Segment Start: Given records

text \<open>
  Let k be a common non-unit factor of g22', its reciprocal and S = g11 bar g11 + g12 bar g12,
  and put r = (x^m - 1)/k. The codeword v = r (g11, g12) of C is Euclidean-orthogonal to C:
  on R the Euclidean product is invariant under multiplication by x, so multiplication by p is
  adjoint to multiplication by bar p, and the products of v with the two generators reduce to
  multiples of r S and of r bar g22, both divisible by x^m - 1 since k divides S and bar g22.
  It is non-zero, for otherwise k divides g11, hence gcd g11 g22, and k^2 divides the
  separable polynomial x^m - 1.
\<close>

lemma coeff_xm1:
  "coeff (xm1 m :: 'a::comm_ring_1 poly) i = (if i = m then 1 else 0) - (if i = 0 then 1 else 0)"
  by (simp add: xm1_def)

lemma degree_xm1: "m \<ge> 1 \<Longrightarrow> degree (xm1 m :: 'a::comm_ring_1 poly) = m"
proof -
  assume m: "m \<ge> 1"
  have "degree (xm1 m :: 'a poly) \<le> m" unfolding xm1_def
    by (rule degree_diff_le) (auto simp: degree_monom_le)
  moreover have "coeff (xm1 m :: 'a poly) m \<noteq> 0" using m by (simp add: coeff_xm1)
  hence "m \<le> degree (xm1 m :: 'a poly)" by (rule le_degree)
  ultimately show ?thesis by simp
qed

lemma xm1_neq_0: "m \<ge> 1 \<Longrightarrow> xm1 m \<noteq> (0::'a::comm_ring_1 poly)"
  using degree_xm1[of m] by (metis degree_0 not_one_le_zero)

lemma degree_le_if_dvd_xm1:
  fixes p :: "'a::field poly"
  assumes "m \<ge> 1" and "p dvd xm1 m"
  shows "degree p \<le> m"
  using dvd_imp_degree_le[OF assms(2) xm1_neq_0[OF assms(1)]] degree_xm1[OF assms(1), where 'a='a]
  by simp

lemma mod_xm1_in_Rset:
  assumes "m \<ge> 1"
  shows "(p :: 'a::field poly) mod xm1 m \<in> Rset m"
proof -
  have "degree (xm1 m :: 'a poly) = m" using degree_xm1[OF assms] .
  thus ?thesis using degree_mod_less[OF xm1_neq_0[OF assms], of p] assms by (auto simp: Rset_def)
qed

Segment End: Given records

The task
The records above are to be repeated exactly, in their entirety.

Response to this exercise
text \<open>
  Let k be a common non-unit factor of g22', its reciprocal and S = g11 bar g11 + g12 bar g12,
  and put r = (x^m - 1)/k. The codeword v = r (g11, g12) of C is Euclidean-orthogonal to C:
  on R the Euclidean product is invariant under multiplication by x, so multiplication by p is
  adjoint to multiplication by bar p, and the products of v with the two generators reduce to
  multiples of r S and of r bar g22, both divisible by x^m - 1 since k divides S and bar g22.
  It is non-zero, for otherwise k divides g11, hence gcd g11 g22, and k^2 divides the
  separable polynomial x^m - 1.
\<close>

lemma coeff_xm1:
  "coeff (xm1 m :: 'a::comm_ring_1 poly) i = (if i = m then 1 else 0) - (if i = 0 then 1 else 0)"
  by (simp add: xm1_def)

lemma degree_xm1: "m \<ge> 1 \<Longrightarrow> degree (xm1 m :: 'a::comm_ring_1 poly) = m"
proof -
  assume m: "m \<ge> 1"
  have "degree (xm1 m :: 'a poly) \<le> m" unfolding xm1_def
    by (rule degree_diff_le) (auto simp: degree_monom_le)
  moreover have "coeff (xm1 m :: 'a poly) m \<noteq> 0" using m by (simp add: coeff_xm1)
  hence "m \<le> degree (xm1 m :: 'a poly)" by (rule le_degree)
  ultimately show ?thesis by simp
qed

lemma xm1_neq_0: "m \<ge> 1 \<Longrightarrow> xm1 m \<noteq> (0::'a::comm_ring_1 poly)"
  using degree_xm1[of m] by (metis degree_0 not_one_le_zero)

lemma degree_le_if_dvd_xm1:
  fixes p :: "'a::field poly"
  assumes "m \<ge> 1" and "p dvd xm1 m"
  shows "degree p \<le> m"
  using dvd_imp_degree_le[OF assms(2) xm1_neq_0[OF assms(1)]] degree_xm1[OF assms(1), where 'a='a]
  by simp

lemma mod_xm1_in_Rset:
  assumes "m \<ge> 1"
  shows "(p :: 'a::field poly) mod xm1 m \<in> Rset m"
proof -
  have "degree (xm1 m :: 'a poly) = m" using degree_xm1[OF assms] .
  thus ?thesis using degree_mod_less[OF xm1_neq_0[OF assms], of p] assms by (auto simp: Rset_def)
qed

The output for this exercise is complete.